К войне она потеряла троих детей. Двое умерли. «Степку» сапогами во время допросов выбивают из живота. Пропадает где-то в лагерях ее первый муж, в первый год войны от дистрофии умирает второй. Отца, военного врача, который всю свою трудовую биографию, начиная с Первой мировой войны, лечил раненых, арестовывают и высылают из города. По дороге на всех пересылках он организовывает лазареты. Лечит контуженных, раненых, дистрофиков, варит кисельки для блокадников…

1942 год. Первый раз в ее дневниках звучит псалом. «Аще забуду тебя, Иерусалиме»…

Работает на радио. Над закостеневшим Городом звучат ставшие хрестоматийными строки: «Я говорю с тобой под свист снарядов,/ Угрюмым заревом озарена,/ Я говорю с тобой из Ленинграда,/ Страна моя, печальная страна»… В историю страны входят 900 дней, черная тарелка радио, стук метронома и «125 блокадных грамм с огнем и кровью пополам».

Голод, мороз, смерть, страх, позор — и над всем этим Голос Ольги Берггольц — средоточие не жизни даже, а бытия, того, что станет духом ленинградской трагедии — смешение человечности, веры, надменности. Той надменности, которая до сих пор живет у нас в генах и отзывается камертоном в геометрии площадей; той самой надменности, за которую спустя несколько лет будут ломать ленинградскую интеллигенцию, превращая великий город в населенный пункт с областной судьбой…

аще забуду тебе иерусалиме

Анна Ахматова и Ольга Берггольц. 1947 год

♦♦

Сумрачная, пустая комната, маленькая девочка сидит в ней, закутавшись в какие-то тряпки: умерли все. Низкий, гудящий звук летящего немецкого самолета. «От советского информбюро», — в сводке мрачно приподнятые советские интонации дикторов, и вдруг голос Берггольц, мягкий, женский, человеческий. Маленькая замерзшая девочка чувствует, что не одна, что жива. Не выживи она, не читали бы вы сейчас этих строк…

♦♦

Как судьба вывела Ольгу Берггольц на такую высоту!

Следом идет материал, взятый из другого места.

(* Let $d=1$, $X\in\mathbb{R}$ with law $\mathbb{P}_X$, and let the missingness indicator $M\in\{0,1\}$ ($M=0$: observed) satisfy $\mathbb{P}[M=0\mid X]=\mathbb{1}(X\in\mathcal{I})$ for a measurable set $\mathcal{I}\subset\mathbb{R}$ (truncation mechanism); let $\varepsilon=\mathbb{P}[M=1]=\mathbb{P}[X\notin\mathcal{I}]<1$. Assume $\mathbb{P}_X=P_{\theta^*}$ for some $\theta^*\in\Theta$, and let $\theta_\infty^{\mathrm{MMD}}\in\arg\min_{\theta\in\Theta}\mathbb{E}_{M\sim\mathbb{P}_M}\big[\mathbb{D}^2(P_\theta^{(M)},\mathbb{P}_{X\mid M}^{(M)})\big]=\arg\min_{\theta\in\Theta}\mathbb{D}^2(P_\theta,\mathbb{P}_{X\mid M=0})$. Then $$ \mathbb{D}\big(P_{\theta_\infty^{\mathrm{MMD}}},P_{\theta^*}\big)\le 4\varepsilon. $$
   Context: In expectations over $M$ the empty pattern $M=1$ is excluded, which gives the second expression for $\theta_\infty^{\mathrm{MMD}}$; $\mathbb{P}_{X\mid M=0}$ is the conditional law of $X$ given $M=0$. $\{P_\theta:\theta\in\Theta\}$ is a model on $\mathbb{R}$. $k$ is a positive definite kernel on $\mathbb{R}$ bounded by $1$ and characteristic, with RKHS $\mathcal{H}$, mean embedding $\Phi(Q)=\mathbb{E}_{Y\sim Q}[k(Y,\cdot)]$, MMD $\mathbb{D}(Q_1,Q_2)=\|\Phi(Q_1)-\Phi(Q_2)\|_{\mathcal{H}}$. *)

theory Defs
  imports "HOL-Probability.Probability"
begin

text \<open>The squared MMD is written as the literal
unfolding of the squared RKHS norm of the difference of mean embeddings:
\<open>\<parallel>\<Phi>(P)-\<Phi>(Q)\<parallel>^2 = E k(Y,Y') - 2 E k(Y,Z) + E k(Z,Z')\<close>.\<close>

definition pos_def_kernel :: "(real \<Rightarrow> real \<Rightarrow> real) \<Rightarrow> bool" where
  "pos_def_kernel k \<longleftrightarrow> (\<forall>x y. k x y = k y x) \<and>
     (\<forall>(n::nat) (c::nat \<Rightarrow> real) (x::nat \<Rightarrow> real).
        (\<Sum>i<n. \<Sum>j<n. c i * c j * k (x i) (x j)) \<ge> 0)"

definition mmd_sq :: "(real \<Rightarrow> real \<Rightarrow> real) \<Rightarrow> real measure \<Rightarrow> real measure \<Rightarrow> real" where
  "mmd_sq k P Q =
     (\<integral>y. (\<integral>y'. k y y' \<partial>P) \<partial>P) - 2 * (\<integral>y. (\<integral>z. k y z \<partial>Q) \<partial>P) + (\<integral>z. (\<integral>z'. k z z' \<partial>Q) \<partial>Q)"

definition mmd :: "(real \<Rightarrow> real \<Rightarrow> real) \<Rightarrow> real measure \<Rightarrow> real measure \<Rightarrow> real" where
  "mmd k P Q = sqrt (mmd_sq k P Q)"

definition borel_prob :: "real measure \<Rightarrow> bool" where
  "borel_prob P \<longleftrightarrow> prob_space P \<and> sets P = sets borel"

definition characteristic_kernel :: "(real \<Rightarrow> real \<Rightarrow> real) \<Rightarrow> bool" where
  "characteristic_kernel k \<longleftrightarrow>
     (\<forall>P Q. borel_prob P \<and> borel_prob Q \<and> mmd k P Q = 0 \<longrightarrow> P = Q)"

end

theory Submission
  imports Defs
begin

(* Let Q be the law of X and Q0, Q1 its conditional laws given M = 0 and M = 1. Then
   Q = (1 - eps) Q0 + eps Q1, so Q - Q0 = eps (Q1 - Q0) and D(Q, Q0) = eps D(Q0, Q1) <= 2 eps,
   as |k| <= 1. Since theta* competes in the minimisation, D(P_theta_inf, Q0) <= D(Q, Q0) <= 2 eps,
   and the triangle inequality gives D(P_theta_inf, Q) <= 4 eps. Nonnegativity and the triangle
   inequality of D follow from positive semidefiniteness of the Gram form
   (P, Q) |-> int int k dP dQ on finitely many probability measures. *)

lemma square_le_mult_if_quadratic_nonneg:
  fixes a b c :: real
  assumes nonneg: "\<And>t. 0 \<le> a + 2 * b * t + c * t\<^sup>2" and "0 \<le> a" "0 \<le> c"
  shows "b\<^sup>2 \<le> a * c"
proof (cases "c = 0")
  case True
  show ?thesis
  proof (cases "b = 0")
    case False
    have "0 \<le> a + 2 * b * (- (a + 1) / (2 * b))" using nonneg[of "- (a + 1) / (2 * b)"] True by simp
    also have "\<dots> = -1" using False by (simp add: field_simps)
    finally show ?thesis by simp
  qed (use assms in simp)
next
  case False
  then have c: "c > 0" using \<open>0 \<le> c\<close> by simp
  have "0 \<le> a + 2 * b * (- b / c) + c * (- b / c)\<^sup>2" by (rule nonneg)
  also have "\<dots> = a - b\<^sup>2 / c" using c by (simp add: field_simps power2_eq_square)
  finally show ?thesis using c by (simp add: divide_le_eq mult.commute)
qed

definition quad_form :: "(nat \<Rightarrow> nat \<Rightarrow> real) \<Rightarrow> nat \<Rightarrow> (nat \<Rightarrow> real) \<Rightarrow> real" where
  "quad_form G n c = (\<Sum>i<n. \<Sum>j<n. c i * c j * G i j)"

lemma sqrt_quad_form_add_le:
  assumes psd: "\<And>c. 0 \<le> quad_form G n c"
  shows "sqrt (quad_form G n (\<lambda>i. u i + v i)) \<le> sqrt (quad_form G n u) + sqrt (quad_form G n v)"
proof -
  define b where "b = (\<Sum>i<n. \<Sum>j<n. (u i * v j + v i * u j) * G i j) / 2"
  have expand: "quad_form G n (\<lambda>i. u i + t * v i)
      = quad_form G n u + 2 * b * t + quad_form G n v * t\<^sup>2" for t
  proof -
    have "quad_form G n (\<lambda>i. u i + t * v i) = (\<Sum>i<n. \<Sum>j<n. u i * u j * G i j
        + t * ((u i * v j + v i * u j) * G i j) + t\<^sup>2 * (v i * v j * G i j))"
      unfolding quad_form_def by (intro sum.cong refl) (simp add: algebra_simps power2_eq_square)
    also have "\<dots> = quad_form G n u + t * (2 * b) + t\<^sup>2 * quad_form G n v"
      unfolding quad_form_def b_def sum.distrib sum_distrib_left[symmetric] by simp
    finally show ?thesis by (simp add: ac_simps)
  qed
  have "b\<^sup>2 \<le> quad_form G n u * quad_form G n v"
    using psd expand by (intro square_le_mult_if_quadratic_nonneg) metis+
  then have "b \<le> sqrt (quad_form G n u) * sqrt (quad_form G n v)"
    unfolding real_sqrt_mult[symmetric] by (rule real_le_rsqrt)
  then have "quad_form G n (\<lambda>i. u i + v i) \<le> (sqrt (quad_form G n u) + sqrt (quad_form G n v))\<^sup>2"
    using expand[of 1] psd[of u] psd[of v] by (simp add: power2_sum)
  then show ?thesis
    using psd[of u] psd[of v] by (intro real_le_lsqrt) simp_all
qed

lemma nonneg_if_nonneg_add_const_over_n:
  fixes a b :: real
  assumes "\<And>m::nat. 0 < m \<Longrightarrow> 0 \<le> a + b / real m"
  shows "0 \<le> a"
proof (rule LIMSEQ_le_const)
  show "(\<lambda>m. a + b / real m) \<longlonglongrightarrow> a"
    using tendsto_add[OF tendsto_const lim_const_over_n[of b]] by simp
  show "\<exists>N. \<forall>m\<ge>N. 0 \<le> a + b / real m"
    using assms by (intro exI[of _ 1]) auto
qed

lemma sum_cartesian_lessThan_fst:
  fixes f :: "'a \<Rightarrow> real"
  shows "(\<Sum>s\<in>A \<times> {..<m}. f (fst s)) = real m * sum f A"
proof -
  have "(\<Sum>s\<in>A \<times> {..<m}. f (fst s)) = (\<Sum>i\<in>A. \<Sum>a<m. f i)"
    by (subst sum.cartesian_product) (simp add: split_def)
  also have "\<dots> = real m * sum f A" by (simp add: sum_distrib_left)
  finally show ?thesis .
qed

lemma pos_def_kernel_sum_nonneg:
  fixes x w :: "'a \<Rightarrow> real"
  assumes "pos_def_kernel k" and "finite S"
  shows "0 \<le> (\<Sum>s\<in>S. \<Sum>t\<in>S. w s * w t * k (x s) (x t))"
proof -
  obtain h where h: "bij_betw h {..<card S} S"
    using ex_bij_betw_nat_finite[OF \<open>finite S\<close>] atLeast0LessThan by auto
  have "0 \<le> (\<Sum>i<card S. \<Sum>j<card S. w (h i) * w (h j) * k (x (h i)) (x (h j)))"
    using assms(1) unfolding pos_def_kernel_def by force
  also have "\<dots> = (\<Sum>s\<in>S. \<Sum>t\<in>S. w s * w t * k (x s) (x t))"
    using sum.reindex_bij_betw[OF h, of "\<lambda>s. \<Sum>t\<in>S. w s * w t * k (x s) (x t)"]
      sum.reindex_bij_betw[OF h, of "\<lambda>t. w (h _) * w t * k (x (h _)) (x t)"] by simp
  finally show ?thesis .
qed
lemma inv_tree_nested:
  fixes p q :: "'a::linorder set"
  assumes L: "lower_1_transitive TYPE('a)"
    and p: "p \<in> inv_tree" and q: "q \<in> inv_tree" and meet: "p \<inter> q \<noteq> {}"
  shows "p \<subseteq> q \<or> q \<subseteq> p"
proof (rule ccontr)
  assume "\<not> (p \<subseteq> q \<or> q \<subseteq> p)"
  then obtain a b c where a: "a \<in> p" "a \<notin> q" and b: "b \<in> q" "b \<notin> p" and c: "c \<in> p" "c \<in> q"
    using meet by blast
  obtain \<pi> \<sigma> where \<pi>: "invariant_partition \<pi>" "p \<in> \<pi>" and \<sigma>: "invariant_partition \<sigma>" "q \<in> \<sigma>"
    using p q by (auto simp: inv_tree_iff)
  have cp: "convex p" and cq: "convex q"
    using \<pi> \<sigma> by (auto simp: invariant_partition_def convex_partition_def)
  have "a \<noteq> c" "b \<noteq> c" using a b c by auto
  then consider "a < c" "c < b" | "b < c" "c < a" | "a < c" "b < c" | "c < a" "c < b"
    by (meson linorder_neqE)
  then show False
  proof cases
    case 1
    then show False using invariant_parts_not_crossing[OF L \<pi> \<sigma> a b c] by blast
  next
    case 2
    then show False using invariant_parts_not_crossing[OF L \<sigma> \<pi> b a c(2,1)] by blast
  next
    case 3
    then show False
      using convexD[OF cp a(1) c(1), of b] convexD[OF cq b(1) c(2), of a] a(2) b(2)
      by (cases "a \<le> b") (auto simp: less_imp_le)
  next
    case 4
    then show False
      using convexD[OF cq c(2) b(1), of a] convexD[OF cp c(1) a(1), of b] a(2) b(2)
      by (cases "a \<le> b") (auto simp: less_imp_le)
  qed
qed
text \<open>For a in L[G] let a* be its adjoint for the trace form, a*(v) = sum of inv g (a_g v) over
  g in G, so that Tr(a(u) v) = Tr(u a*(v)). The map e \<circ> a* is again given by an element of L[G],
  and \<langle>b \<circ> a, e\<rangle> = \<langle>b, e \<circ> a*\<rangle>. Hence a lies in K(e) iff e \<circ> a* lies in the dual of B,
  while by trace duality and Dedekind's independence of characters supp(e) \<subseteq> ker(a) iff e \<circ> a* = 0.
  The image of e \<circ> a* lies in that of e, so its rank is at most rk(e); if rk(e) is below the minimum
  distance of the dual of B, membership in that dual therefore forces e \<circ> a* = 0. Comparing ranks
  needs L to be finite-dimensional over the fixed field, which is Artin's lemma. Part (1) is immediate
  since every b \<circ> a is orthogonal to C.\<close>

lemma field_aut_additive: "field_aut g \<Longrightarrow> additive g"
  by (simp add: additive_def field_aut_def)

lemma field_aut_zero: "field_aut g \<Longrightarrow> g 0 = 0"
  using additive.zero[OF field_aut_additive] .

lemma field_aut_add: "field_aut g \<Longrightarrow> g (x + y) = g x + g y"
  by (simp add: field_aut_def)

lemma field_aut_minus: "field_aut g \<Longrightarrow> g (- x) = - g x"
  using additive.minus[OF field_aut_additive] .

lemma field_aut_sum: "field_aut g \<Longrightarrow> g (sum f A) = (\<Sum>x\<in>A. g (f x))"
  using additive.sum[OF field_aut_additive] .

lemma field_aut_mult: "field_aut g \<Longrightarrow> g (x * y) = g x * g y"
  by (simp add: field_aut_def)

lemma field_aut_one: "field_aut g \<Longrightarrow> g 1 = 1"
  by (simp add: field_aut_def)

lemma field_aut_inverse: "field_aut g \<Longrightarrow> g (inverse x) = inverse (g x)"
proof (cases "x = 0")
  case False
  assume g: "field_aut g"
  have "g x * g (inverse x) = 1"
    using g False by (simp add: field_aut_mult[symmetric] field_aut_one)
  then show ?thesis by (metis inverse_unique mult.commute)
qed (simp add: field_aut_zero)

lemma field_aut_apply_inv: "field_aut g \<Longrightarrow> g (inv g x) = x"
  by (meson bij_is_surj field_aut_def surj_f_inv_f)

lemma field_aut_inv_apply: "field_aut g \<Longrightarrow> inv g (g x) = x"
  by (meson bij_is_inj field_aut_def inv_f_f)

lemma aut_group_finite: "aut_group G \<Longrightarrow> finite G"
  by (simp add: aut_group_def)

lemma aut_group_id: "aut_group G \<Longrightarrow> id \<in> G"
  by (simp add: aut_group_def)

lemma aut_group_field_aut: "aut_group G \<Longrightarrow> g \<in> G \<Longrightarrow> field_aut g"
  by (simp add: aut_group_def)

lemma aut_group_comp: "aut_group G \<Longrightarrow> g \<in> G \<Longrightarrow> h \<in> G \<Longrightarrow> g \<circ> h \<in> G"
  by (simp add: aut_group_def)

lemma aut_group_inv: "aut_group G \<Longrightarrow> g \<in> G \<Longrightarrow> inv g \<in> G"
  by (simp add: aut_group_def)

lemma aut_group_sum_comp_right:
  assumes G: "aut_group G" and k: "k \<in> G"
  shows "(\<Sum>h\<in>G. f (h \<circ> k)) = (\<Sum>h\<in>G. f h)"
proof (rule sum.reindex_bij_witness[of _ "\<lambda>m. m \<circ> inv k" "\<lambda>g. g \<circ> k"])
  have "field_aut k" using G k by (rule aut_group_field_aut)
  then have "(g \<circ> inv k) \<circ> k = g" "(g \<circ> k) \<circ> inv k = g" for g
    by (simp_all add: fun_eq_iff field_aut_apply_inv field_aut_inv_apply)
  then show "a \<circ> inv k \<circ> k = a" "a \<circ> inv k \<in> G" "a \<circ> k \<in> G" "a \<circ> k \<circ> inv k = a" if "a \<in> G" for a
    using that G k by (auto simp: aut_group_comp aut_group_inv)
qed auto

lemma dedekind_independence:
  assumes "finite S" "\<forall>g\<in>S. field_aut g" "\<forall>x. (\<Sum>g\<in>S. c g * g x) = 0"
  shows "\<forall>g\<in>S. c g = (0::'l::field)"
  using assms
proof (induction S arbitrary: c rule: finite_induct)
  case empty then show ?case by simp
next
  case (insert h S)
  have fh: "field_aut h" and fS: "\<forall>g\<in>S. field_aut g" using insert.prems(1) by auto
  have rest: "(\<Sum>g\<in>S. c g * g x) = - (c h * h x)" for x
    using insert.prems(2)[rule_format, of x] insert.hyps by (simp add: eq_neg_iff_add_eq_0 add.commute)
  have shifted: "c g * (g y - h y) = 0" if "g \<in> S" for g y
  proof -
    \<comment> \<open>the relation for the argument y x minus h(y) times the relation for x eliminates h\<close>
    have "(\<Sum>g\<in>S. (c g * (g y - h y)) * g x) = 0" for x
    proof -
      have "(\<Sum>g\<in>S. (c g * (g y - h y)) * g x) = (\<Sum>g\<in>S. c g * g (y * x)) - h y * (\<Sum>g\<in>S. c g * g x)"
        using fS by (simp add: sum_distrib_left sum_subtractf[symmetric] field_aut_mult algebra_simps)
      then show ?thesis using fh by (simp add: rest field_aut_mult)
    qed
    then show ?thesis using insert.IH[of "\<lambda>g. c g * (g y - h y)"] fS that by auto
  qed
  have cS: "c g = 0" if "g \<in> S" for g
  proof -
    have "g \<noteq> h" using that insert.hyps by auto
    then obtain y where "g y \<noteq> h y" by (meson ext)
    then show ?thesis using shifted[OF that, of y] by simp
  qed
  have "c h = 0" using rest[of 1] cS fh by (simp add: field_aut_one)
  then show ?case using cS by auto
qed

lemma aut_group_coeffs_eq_0:
  assumes "aut_group G" "\<forall>x. (\<Sum>g\<in>G. c g * g x) = 0" "g \<in> G"
  shows "c g = (0::'l::field)"
  using dedekind_independence[of G c] assms aut_group_finite aut_group_field_aut by blast

lemma trace_zero: "aut_group G \<Longrightarrow> trace G 0 = 0"
  by (simp add: trace_def aut_group_field_aut field_aut_zero)

lemma trace_nondegenerate:
  assumes G: "aut_group G" and z: "\<forall>v. trace G (z * v) = 0"
  shows "z = 0"
proof (rule ccontr)
  assume nz: "z \<noteq> 0"
  have "\<exists>x. trace G x \<noteq> 0"
  proof (rule ccontr)
    assume "\<not> ?thesis"
    then have "\<forall>x. (\<Sum>g\<in>G. 1 * g x) = 0" by (simp add: trace_def)
    from aut_group_coeffs_eq_0[OF G this aut_group_id[OF G]] show False by simp
  qed
  then obtain x where "trace G x \<noteq> 0" by blast
  moreover have "z * (x / z) = x" using nz by simp
  ultimately show False using z by metis
qed

definition is_subfield :: "'l::field set \<Rightarrow> bool" where
  "is_subfield K \<longleftrightarrow> 0 \<in> K \<and> 1 \<in> K \<and> (\<forall>x\<in>K. \<forall>y\<in>K. x + y \<in> K \<and> x * y \<in> K) \<and>
     (\<forall>x\<in>K. - x \<in> K \<and> inverse x \<in> K)"

definition is_ksubspace :: "'l::field set \<Rightarrow> 'l set \<Rightarrow> bool" where
  "is_ksubspace K V \<longleftrightarrow> 0 \<in> V \<and> (\<forall>x\<in>V. \<forall>y\<in>V. x + y \<in> V) \<and> (\<forall>k\<in>K. \<forall>x\<in>V. k * x \<in> V)"

lemma fixed_field_is_subfield: "aut_group G \<Longrightarrow> is_subfield (fixed_field G)"
  unfolding is_subfield_def fixed_field_def
  by (auto dest: aut_group_field_aut simp: field_aut_zero field_aut_one field_aut_minus field_aut_inverse)
    (metis aut_group_field_aut field_aut_add field_aut_mult)+

lemma ksubspace_diff:
  assumes "is_subfield K" "is_ksubspace K V" "x \<in> V" "y \<in> V" "k \<in> K"
  shows "x - k * y \<in> V"
  using assms unfolding is_subfield_def is_ksubspace_def
  by (metis diff_conv_add_uminus minus_mult_left)

lemma ksubspace_Int: "is_ksubspace K V \<Longrightarrow> is_ksubspace K W \<Longrightarrow> is_ksubspace K (V \<inter> W)"
  by (simp add: is_ksubspace_def)

lemma ksubspace_sum:
  assumes V: "is_ksubspace K V" and S: "finite S" "S \<subseteq> V" and c: "\<forall>v\<in>S. c v \<in> K"
  shows "(\<Sum>v\<in>S. c v * v) \<in> V"
  using S c by (induction S rule: finite_induct) (use V in \<open>auto simp: is_ksubspace_def\<close>)

lemma kspan_finite_iff:
  assumes K: "is_subfield K" and S: "finite S"
  shows "x \<in> kspan K S \<longleftrightarrow> (\<exists>c. (\<forall>v\<in>S. c v \<in> K) \<and> x = (\<Sum>v\<in>S. c v * v))"
proof
  assume "x \<in> kspan K S"
  then obtain F c where F: "finite F" "F \<subseteq> S" "\<forall>v\<in>F. c v \<in> K" "x = (\<Sum>v\<in>F. c v * v)"
    by (auto simp: kspan_def)
  let ?c = "\<lambda>v. if v \<in> F then c v else 0"
  have "(\<Sum>v\<in>S. ?c v * v) = (\<Sum>v\<in>F. ?c v * v)"
    by (rule sum.mono_neutral_right) (use S F in auto)
  then show "\<exists>c. (\<forall>v\<in>S. c v \<in> K) \<and> x = (\<Sum>v\<in>S. c v * v)"
    using F K by (intro exI[of _ ?c]) (auto simp: is_subfield_def)
qed (use S in \<open>auto simp: kspan_def\<close>)

lemma kspan_empty: "is_subfield K \<Longrightarrow> kspan K {} = {0}"
  using kspan_finite_iff[of K "{}"] by auto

Из дневников стал известен эпизод о двухмесячной поездке в Москву. Только одно держит ее в столице — попытки рассказать правду о том, что происходит в блокадном Ленинграде. Ходит по комитетам, пытается что-то доказать. «Я просила отправить посылку с продовольствием на наш Радиокомитет. Холеный чиновник… говорил… «ленинградцы сами возражают против этих посылок» (это Жданов — «ленинградцы»!), что «государство знает, кому помогать» и т.п. муру. О, Иудушки Головлевы!»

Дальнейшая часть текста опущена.